Französisch ab der 3. Klasse

■ Die Grundschulreform soll ab nächstem Schuljahr beginnen: Mit Differenzierung, früherem Sprachunterricht und individuellem Lernen will Senatorin Stahmer den Unterricht verbessern

Dem Söhnchen des Daimler- Managers aus Stuttgart, der nach Berlin zieht, sei die ungewohnte sechsjährige Grundschule nicht zuzumuten. Schlauen Kindern sei es in den 5. und 6. Klassen der Grundschule zu langweilig. Darum sollte das Gymnasium schon ab der 5. Klasse beginnen, so die Befürworter des grundständigen Gymnasiums. Immer mehr besorgte Eltern erhoffen sich davon bessere Startchancen für ihre Sprößlinge. Grund genug für die Senatsschulverwaltung, seit 1990 schrittweise zusätzliche 5. und 6. Klassen an Berliner Gymnasien einzurichten.

Der Unzufriedenheit der Eltern mit der Qualität des Grundschulunterrichts setzt Schulsenatorin Ingrid Stahmer (SPD) seit März dieses Jahres etwas entgegen: die „Grundschulreform 2000“. Durch mehr Differenzierung und individuelleres Lernen hofft die Senatorin den Unterricht in den Grundschulen zu verbessern. Denn nicht nur in Berlin, sondern auch im Ausland habe sich das Konzept der sechsjährigen Grundschule bewährt. Wenn der Unterricht nicht ihren Fähigkeiten entsprechend gestaltet sei, würden Kinder sich eben langweilen – egal ob im Gymnasium oder in der Grundschule –, so die Argumentation der Senatorin.

Schon zum nächsten Schuljahr soll mit der Reform begonnen werden, die auf eine gemeinsame Initiative der Berliner Hochschulen, der Gewerkschaften und des Grundschulverbandes zurückgeht.
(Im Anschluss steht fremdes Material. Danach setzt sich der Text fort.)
lemma res_mono: "v \<le> u \<Longrightarrow> x \<in> F u \<Longrightarrow> y \<in> F u \<Longrightarrow> le u x y \<Longrightarrow> le v (res u v x) (res u v y)"
  using posheaf unfolding posheaf_def by blast

lemma le_if_le_on_cover:
  assumes "s \<in> F (Sup U)" and "t \<in> F (Sup U)"
    and "\<And>v. v \<in> U \<Longrightarrow> le v (res (Sup U) v s) (res (Sup U) v t)"
  shows "le (Sup U) s t"
  using posheaf assms unfolding posheaf_def by blast

lemma glue:
  assumes "\<And>v. v \<in> U \<Longrightarrow> s v \<in> F v"
    and "\<And>v w. v \<in> U \<Longrightarrow> w \<in> U \<Longrightarrow> res v (inf v w) (s v) = res w (inf v w) (s w)"
  shows "\<exists>!x. x \<in> F (Sup U) \<and> (\<forall>v\<in>U. res (Sup U) v x = s v)"
  by (intro sheaf[unfolded sheaf_def, THEN conjunct2, rule_format] conjI ballI assms)

lemma glue_pair:
  assumes a: "a \<in> F v" and b: "b \<in> F w"
    and compatible: "res v (inf v w) a = res w (inf v w) b"
  shows "\<exists>x\<in>F (sup v w). res (sup v w) v x = a \<and> res (sup v w) w x = b"
proof -
  have ab: "a = b" if "v = w"
    using that compatible res_id[OF a] res_id[OF b] by simp
  define s where "s p = (if p = v then a else b)" for p
  have "\<exists>!x. x \<in> F (Sup {v, w}) \<and> (\<forall>p\<in>{v, w}. res (Sup {v, w}) p x = s p)"
    using a b compatible ab by (intro glue) (auto simp: s_def inf_commute)
  then obtain x where "x \<in> F (sup v w)" "res (sup v w) v x = s v" "res (sup v w) w x = s w"
    by auto
  moreover have "s v = a" and "s w = b"
    using ab by (auto simp: s_def)
  ultimately show ?thesis
    by metis
qed

lemma subsheafI:
  assumes sub: "\<And>v. G v \<subseteq> F v"
    and res_closed: "\<And>u v x. v \<le> u \<Longrightarrow> x \<in> G u \<Longrightarrow> res u v x \<in> G v"
    and glue_closed: "\<And>U x. x \<in> F (Sup U) \<Longrightarrow> (\<forall>v\<in>U. res (Sup U) v x \<in> G v) \<Longrightarrow> x \<in> G (Sup U)"
  shows "sheaf G res"
  unfolding sheaf_def presheaf_def
proof (intro conjI allI impI)
  fix U s
  assume s: "(\<forall>v\<in>U. s v \<in> G v) \<and>
    (\<forall>v\<in>U. \<forall>w\<in>U. res v (inf v w) (s v) = res w (inf v w) (s w))"
  then obtain x where x: "x \<in> F (Sup U)" "\<forall>v\<in>U. res (Sup U) v x = s v"
    and unique: "\<And>y. y \<in> F (Sup U) \<Longrightarrow> \<forall>v\<in>U. res (Sup U) v y = s v \<Longrightarrow> y = x"
    using sub glue[of U s] by blast
  have "x \<in> G (Sup U)"
    using x s by (intro glue_closed) auto
  then show "\<exists>!x. x \<in> G (Sup U) \<and> (\<forall>v\<in>U. res (Sup U) v x = s v)"
    using x unique sub by blast
next
  fix u v x
  assume "v \<le> u \<and> x \<in> G u"
  then show "res u v x \<in> G v"
    using res_closed by blast
next
  fix u x
  assume "x \<in> G u"
  then show "res u u x = x"
    using sub res_id by blast
next
  fix u v w x
  assume "w \<le> v \<and> v \<le> u \<and> x \<in> G u"
  then show "res v w (res u v x) = res u w x"
    using sub res_res by blast
qed

definition lower_sheaf :: "'a \<Rightarrow> 'b set \<Rightarrow> 'a \<Rightarrow> 'b set" where
  "lower_sheaf u S = (\<lambda>w. if w \<le> u then {z \<in> F w. \<forall>s\<in>S. le w z (res u w s)} else {})"

lemma down_eq_lower_sheaf: "down F res le u y = lower_sheaf u {y}"
  by (simp add: down_def lower_sheaf_def fun_eq_iff)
Die Reform sieht vor, daß jede Grundschule ab der 5. Klasse zusätzlich ein „Wahlpflichtfach“ einführt. Das kann eine weitere Fremdsprache, ein naturwissenschaftliches Fach, Musik, Kunst, Technik oder Sport sein. Damit sollen besondere Fähigkeiten der SchülerInnen gefördert werden.

Am Thema Computer kommen in Zukunft auch die Grundschulen nicht vorbei. Mit der Reform sollen nicht aber nur die Kleinen Bildschirm, Maus und Tastatur beherrschen lernen, sondern auch die PädagogInnen und Eltern. „Denn die kennen sich ja oft schlechter aus als die Schüler“, begründete Stahmer die Idee.

Die Einschulung soll ebenfalls flexibler gehandhabt werden. Künftig können auch Kinder eingeschult werden, die erst am 30.September sechs Jahre alt werden. Bislang galt der Stichtag 30.Juni. Eine Einheit sollen bald Vorklasse, 1. und 2. Klasse bilden. Kinder können entsprechend ihrer individuellen Entwicklungsleistungen kürzer oder länger in dieser Phase bleiben.

Das Programm will auch eine verläßliche Halbtagesbetreuung der Kinder gewährleisten. Für die „familienfreundliche Halbtagsschule“ will Stahmer insgesamt 50 Lehrer zusätzlich einsetzen. Während im Ostteil der Stadt alle Grundschulen bereits den offenen Ganztagsbetrieb anbieten, gibt es im Westen nur ganz wenige Ganztagsschulen. Nun sollen zumindest sechsstündige Öffnungszeiten garantiert werden. Für Kinder „nichtdeutscher Herkunftssprache“ sind Fördermaßnahmen vorgesehen. So will Stahmer an „sozialen Brennpunkten“ 50 Lehrer zusätzlich einsetzen, die Deutschunterricht geben sollen.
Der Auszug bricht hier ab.